### Exercise directions
Repeat the records below line by line, exactly, finishing on the line that contains "obtain V where".
*** Begin section ***
lemma rayleigh_le_subspace_isometry:
  assumes P: "isometry_mat P n m" and A: "A \<in> carrier_mat n n"
    and R: "rayleigh_le_subspace (transpose_mat P * A * P) m c r"
  shows "rayleigh_le_subspace A n c r"
proof -
  obtain V where V: "V \<in> carrier_mat m r"
    and inj: "\<And>a. a \<in> carrier_vec r \<Longrightarrow> V *\<^sub>v a = 0\<^sub>v m \<Longrightarrow> a = 0\<^sub>v r"
    and le: "\<And>a. a \<in> carrier_vec r \<Longrightarrow>
      (V *\<^sub>v a) \<bullet> ((transpose_mat P * A * P) *\<^sub>v (V *\<^sub>v a)) \<le> c * ((V *\<^sub>v a) \<bullet> (V *\<^sub>v a))"
    using R unfolding rayleigh_le_subspace_def by blast
  have Pc: "P \<in> carrier_mat n m" using P unfolding isometry_mat_def by auto
  have PV: "(P * V) *\<^sub>v a = P *\<^sub>v (V *\<^sub>v a)" if "a \<in> carrier_vec r" for a
    using Pc V that by auto
  have "P * V \<in> carrier_mat n r" using Pc V by auto
  moreover have "a = 0\<^sub>v r" if "a \<in> carrier_vec r" "(P * V) *\<^sub>v a = 0\<^sub>v n" for a
    using that V isometry_mat_mult_vec_eq_0[OF P, of "V *\<^sub>v a"] inj by (auto simp: PV)
  moreover have "((P * V) *\<^sub>v a) \<bullet> (A *\<^sub>v ((P * V) *\<^sub>v a)) \<le> c * (((P * V) *\<^sub>v a) \<bullet> ((P * V) *\<^sub>v a))"
    if "a \<in> carrier_vec r" for a
    using that V le[of a] by (simp add: PV isometry_mat_quadratic_form[OF P A] isometry_mat_inner[OF P])
  ultimately show ?thesis unfolding rayleigh_le_subspace_def by blast
qed

definition selection_mat :: "nat \<Rightarrow> nat list \<Rightarrow> real mat" where
  "selection_mat n J = mat n (length J) (\<lambda>(i, k). if i = J ! k then 1 else 0)"

definition principal_submat :: "'a mat \<Rightarrow> nat list \<Rightarrow> 'a mat" where
  "principal_submat A J = mat (length J) (length J) (\<lambda>(i, j). A $$ (J ! i, J ! j))"

lemma selection_mat_carrier [simp]: "selection_mat n J \<in> carrier_mat n (length J)"
  and dim_selection_mat [simp]: "dim_row (selection_mat n J) = n" "dim_col (selection_mat n J) = length J"
  unfolding selection_mat_def by auto

lemma col_selection_mat:
  assumes "k < length J" and "J ! k < n"
  shows "col (selection_mat n J) k = unit_vec n (J ! k)"
  using assms by (intro eq_vecI) (auto simp: selection_mat_def unit_vec_def)

lemma transpose_selection_mat_mult_index:
  assumes "set J \<subseteq> {..<n}" and "M \<in> carrier_mat n p" and "i < length J" and "j < p"
  shows "(transpose_mat (selection_mat n J) * M) $$ (i, j) = M $$ (J ! i, j)"
proof -
  have "J ! i < n" using assms(1,3) nth_mem by auto
  then show ?thesis using assms by (simp add: col_selection_mat)
qed

lemma mult_selection_mat_index:
  assumes "set J \<subseteq> {..<n}" and "M \<in> carrier_mat p n" and "i < p" and "j < length J"
  shows "(M * selection_mat n J) $$ (i, j) = M $$ (i, J ! j)"
proof -
  have "J ! j < n" using assms(1,4) nth_mem by auto
  then show ?thesis using assms by (simp add: col_selection_mat)
qed

lemma isometry_selection_mat:
  assumes "distinct J" and "set J \<subseteq> {..<n}"
  shows "isometry_mat (selection_mat n J) n (length J)"
  unfolding isometry_mat_def
proof (intro conjI eq_matI)
  fix i j assume "i < dim_row (1\<^sub>m (length J) :: real mat)" "j < dim_col (1\<^sub>m (length J) :: real mat)"
  then have ij: "i < length J" "j < length J" by auto
  have "(transpose_mat (selection_mat n J) * selection_mat n J) $$ (i, j) = selection_mat n J $$ (J ! i, j)"
    by (rule transpose_selection_mat_mult_index) (use assms ij in auto)
  also have "\<dots> = 1\<^sub>m (length J) $$ (i, j)"
    using assms ij nth_mem[of i J] by (simp add: selection_mat_def nth_eq_iff_index_eq subset_eq)
  finally show "(transpose_mat (selection_mat n J) * selection_mat n J) $$ (i, j) = 1\<^sub>m (length J) $$ (i, j)" .
qed auto

lemma principal_submat_selection_mat:
  assumes "A \<in> carrier_mat n n" and "set J \<subseteq> {..<n}"
  shows "transpose_mat (selection_mat n J) * A * selection_mat n J = principal_submat A J"
proof (rule eq_matI)
  fix i j assume "i < dim_row (principal_submat A J)" "j < dim_col (principal_submat A J)"
  then have ij: "i < length J" "j < length J" by (auto simp: principal_submat_def)
  have "J ! j < n" using assms(2) ij nth_mem by auto
  have "(transpose_mat (selection_mat n J) * A * selection_mat n J) $$ (i, j)
      = (transpose_mat (selection_mat n J) * A) $$ (i, J ! j)"
    by (rule mult_selection_mat_index) (use assms ij in auto)
  also have "\<dots> = A $$ (J ! i, J ! j)"
    by (rule transpose_selection_mat_mult_index) (use assms ij \<open>J ! j < n\<close> in auto)
  finally show "(transpose_mat (selection_mat n J) * A * selection_mat n J) $$ (i, j) = principal_submat A J $$ (i, j)"
    using ij by (simp add: principal_submat_def)
qed (auto simp: principal_submat_def)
*** End section ***
### Worked solution
lemma rayleigh_le_subspace_isometry:
  assumes P: "isometry_mat P n m" and A: "A \<in> carrier_mat n n"
    and R: "rayleigh_le_subspace (transpose_mat P * A * P) m c r"
  shows "rayleigh_le_subspace A n c r"
proof -
  obtain V where V: "V \<in> carrier_mat m r"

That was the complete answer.